Requests can be made by a node on the network to read or write any specific data. Data in this case can be considered to be high volume information about different star systems (data that can be indexed for high performance). All the data on the network will also be encrypted so that only trusted Space Opera nodes can decrypt and use this data. Similarly, only authenticated Space Opera nodes can join the network.
A simple UI/CLI interface can be built to showcase a node on the network interacting with the network to read/write data.
Some key areas that this project will focus on:
- Persistance of data on the node, either in memory or in storage
- Sharding of data, potentially using techniques such as consistent hashing, rendezvous hashing, etc.

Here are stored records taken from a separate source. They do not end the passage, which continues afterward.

lemma affSk_residues_bij:
  assumes "w \<in> carrier (affSk n k)"
  shows "bij_betw (\<lambda>r. w r mod int n) {0..<int n} {0..<int n}"
proof (rule bij_betw_mod_if_covers[where A = "{0..<int (k * n)}"])
  show "w x mod int n = w (x mod int n) mod int n" for x
    by (subst affSk_decompose[OF assms]) (simp add: mod_mod_cancel)
  show "{0..<int n} \<subseteq> (\<lambda>x. w x mod int n) ` {0..<int (k * n)}"
  proof
    fix y assume y: "y \<in> {0..<int n}"
    have "int n \<le> int (k * n)" using k_pos by (intro of_nat_mono) simp
    then have "y \<in> {0..<int (k * n)}" using y by (meson atLeastLessThan_iff order_less_le_trans)
    then have "y \<in> w ` {0..<int (k * n)}"
      using bij_betw_imp_surj_on[OF affSk_carrierD(2)[OF assms]] by simp
    then obtain x where x: "x \<in> {0..<int (k * n)}" "y = w x" by blast
    then have "y = w x mod int n" using y by simp
    then show "y \<in> (\<lambda>x. w x mod int n) ` {0..<int (k * n)}" using x(1) by blast
  qed
qed (use n_pos in simp)

lemma phiRed_window_extension:
  assumes "w \<in> carrier (affSk n k)"
  shows "phiRed n k (window_extension (int n) w) = w"
proof
  show "phiRed n k (window_extension (int n) w) x = w x" for x
    unfolding phiRed_def window_extension_def by (rule affSk_decompose[OF assms, symmetric])
qed

lemma affSk_window_sum:
  assumes "w \<in> carrier (affSk n k)"
  shows "(\<Sum>r\<in>{0..<int n}. w r) mod int (k * n) = (\<Sum>r\<in>{0..<int n}. r) mod int (k * n)"
proof -
  let ?u = "window_extension (int n) w"
  have u: "shift_equivariant (int n) ?u" by (rule shift_equivariant_window_extension)
  have "w i = ?u i mod int (k * n)" for i
    using fun_cong[OF phiRed_window_extension[OF assms], of i] unfolding phiRed_def by simp
  then have "(\<Sum>i=1..int n. w i) = (\<Sum>i=1..int n. ?u i mod int (k * n))"
    by (rule sum.cong[OF refl])
  then have "(\<Sum>i=1..int n. w i) mod int (k * n) = (\<Sum>i=1..int n. ?u i) mod int (k * n)"
    by (simp add: mod_sum_eq)
  also have "(\<Sum>i=1..int n. ?u i) = (\<Sum>r\<in>{0..<int n}. ?u r) + int n"
    using sum_one_to_N_shift_equivariant[OF u] n_pos by simp
  also have "(\<Sum>r\<in>{0..<int n}. ?u r) = (\<Sum>r\<in>{0..<int n}. w r)"
    by (rule sum.cong) (simp_all add: window_extension_eq)
  finally have "((\<Sum>r\<in>{0..<int n}. w r) + int n) mod int (k * n)
      = ((\<Sum>r\<in>{0..<int n}. r) + int n) mod int (k * n)"
    using affSk_carrierD(4)[OF assms] sum_int_one_to_n[of n]
      sum_one_to_N_shift_equivariant[of "int n" id] n_pos
    by (simp add: shift_equivariant_def)
  then show ?thesis by (simp add: mod_eq_dvd_iff)
qed

lemma phiRed_in_affSk:
  assumes "bij u" "shift_equivariant (int n) u"
    and "(\<Sum>r\<in>{0..<int n}. u r) mod int (k * n) = (\<Sum>r\<in>{0..<int n}. r) mod int (k * n)"
  shows "phiRed n k u \<in> carrier (affSk n k)"
proof -
  have dvd: "int n dvd int (k * n)" by simp
  have pos: "int (k * n) > 0" using n_pos k_pos by simp
  have "(\<Sum>i=1..int n. u i mod int (k * n)) mod int (k * n) = (\<Sum>i=1..int n. u i) mod int (k * n)"
    by (simp add: mod_sum_eq)
  also have "\<dots> = ((\<Sum>r\<in>{0..<int n}. u r) + int n) mod int (k * n)"
    using sum_one_to_N_shift_equivariant[OF assms(2)] n_pos by simp
  also have "\<dots> = ((\<Sum>r\<in>{0..<int n}. r) + int n) mod int (k * n)"
    using assms(3) by (metis mod_add_left_eq)
  also have "\<dots> = int ((n + 1) choose 2) mod int (k * n)"
    using sum_int_one_to_n[of n] sum_one_to_N_shift_equivariant[of "int n" id] n_pos
    by (simp add: shift_equivariant_def)
  finally have sum: "(\<Sum>i=1..int n. u i mod int (k * n)) mod int (k * n)
      = int ((n + 1) choose 2) mod int (k * n)" .
  have "u (j + int n) mod int (k * n) = (u j mod int (k * n) + int n) mod int (k * n)" for j
    using assms(2) unfolding shift_equivariant_def by (simp add: mod_add_left_eq)
  then show ?thesis
    using shift_equivariant_mod[OF assms(2) dvd] sum
      bij_betw_mod_if_bij_shift_equivariant[OF assms(1,2) dvd pos]
    unfolding affSk_def phiRed_def by simp
qed

lemma phiRed_comp:
  assumes "shift_equivariant (int n) u"
  shows "phiRed n k (u \<circ> v) = phiRed n k u \<circ> phiRed n k v"
  unfolding phiRed_def comp_def using shift_equivariant_mod[OF assms, of "int (k * n)"] by simp

lemma phiRed_hom: "phiRed n k \<in> hom (affS n) (affSk n k)"
proof (rule homI)
  fix u assume "u \<in> carrier (affS n)"
  then show "phiRed n k u \<in> carrier (affSk n k)"
    using affS_carrier_iff[OF n_pos] phiRed_in_affSk by simp
next
  fix u v assume "u \<in> carrier (affS n)"
  then show "phiRed n k (u \<otimes>\<^bsub>affS n\<^esub> v) = phiRed n k u \<otimes>\<^bsub>affSk n k\<^esub> phiRed n k v"
    using affS_carrier_iff[OF n_pos] phiRed_comp by (simp add: affS_def affSk_def)
qed

lemma affSk_lift:
  assumes w: "w \<in> carrier (affSk n k)"
  shows "\<exists>u\<in>carrier (affS n). phiRed n k u = w"
proof -
  (* w fixes the window sum only modulo kn; shifting u(0) by D makes it exact. *)
  define D where "D = (\<Sum>r\<in>{0..<int n}. r) - (\<Sum>r\<in>{0..<int n}. w r)"
  define f where "f r = w r + (if r = 0 then D else 0)" for r
  define u where "u = window_extension (int n) f"
  have "int (k * n) dvd D"
    unfolding D_def using affSk_window_sum[OF w] by (simp add: mod_eq_dvd_iff dvd_diff_commute)
  then have f_mod: "f r mod int (k * n) = w r mod int (k * n)" for r unfolding f_def by auto
  have "f r mod int n = w r mod int n" for r
    using f_mod[of r] by (metis dvd_triv_right mod_mod_cancel of_nat_mult)
  then have "bij u"
    using bij_window_extension affSk_residues_bij[OF w] n_pos unfolding u_def by simp
  moreover have "shift_equivariant (int n) u"
    unfolding u_def by (rule shift_equivariant_window_extension)
  moreover have "(\<Sum>r\<in>{0..<int n}. u r) = (\<Sum>r\<in>{0..<int n}. r)"
  proof -
    have "(\<Sum>r\<in>{0..<int n}. u r) = (\<Sum>r\<in>{0..<int n}. f r)"
      unfolding u_def by (rule sum.cong) (simp_all add: window_extension_eq)
    also have "\<dots> = (\<Sum>r\<in>{0..<int n}. w r) + D"
      unfolding f_def using n_pos by (simp add: sum.distrib)
    finally show ?thesis unfolding D_def by simp
  qed
  ultimately have "u \<in> carrier (affS n)" using affS_carrier_iff[OF n_pos] by simp
  moreover have "phiRed n k u = w"
    unfolding u_def phiRed_window_extension_cong[OF f_mod] by (rule phiRed_window_extension[OF w])
  ultimately show ?thesis by blast
qed

lemma phiRed_image: "phiRed n k ` carrier (affS n) = carrier (affSk n k)"
  using phiRed_hom affSk_lift by (fastforce simp: hom_def)

lemma group_affSk: "group (affSk n k)"
proof (rule group.surj_hom_imp_group[OF group_affS[OF n_pos] phiRed_hom phiRed_image])
  show "phiRed n k \<one>\<^bsub>affS n\<^esub> = \<one>\<^bsub>affSk n k\<^esub>" by (simp add: affS_def affSk_def phiRed_def)
qed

- Indexing all this data for high performance
- Providing fault tolerance on the network by allowing nodes to join and leave as needed
- This also deals with data replication
- Efficient encryption of data
- Node validation
- Network management
- A lot of other points can be added here depending on what different teams are interested in as the above only covers the basic things required to make this network operational
.drawiofile for the diagram above is available at space-opera-design.drawio
- Adding a new node to the network
- Uploading and downloading data from the network
- Monitoring the network
- Node registers onto the network by initially communicating with the gateway
- Node gets authenticated by the gateway and receives the IP address of the master node
- Node accepts upload and download requests from the client
- Node informs the master node when data is uploaded to it
- Node receives IP addresses of other nodes where data needs to be replicated -> node replicates data based on this
- Node must be able to receive a message from the master node about replicating data when some other node fails
- Node will recieve IP addresses of other nodes where data needs to be replicated -> node replicates data based on this
- Master node receives message from gateway about new node joining the network
- Master node receives message from gateway whenever a client wants to download/upload data
- Master node determines which node to send the request to and returns appropriate IP address to the gateway which is then returnd to the client
- Master node writes data to the database about file saved in node
- Master node receives message from sentinel monitoring system anytime a node goes down
- Master node will determine which remaining nodes to replicate data on and send message to appropriate nodes to carry out replication
- Master node receives message from node once upload of data is complete to that node from client
- Master node responds with list of nodes in which current node should replicate data
- Master node can return list of all data on network - required for CLI
- Since master node needs replication and availability, we decided to explore using a Kubernetes cluster containing pods of the master node. We should be able to keep a single IP address this way and have Kubernetes manage uptime of the master node.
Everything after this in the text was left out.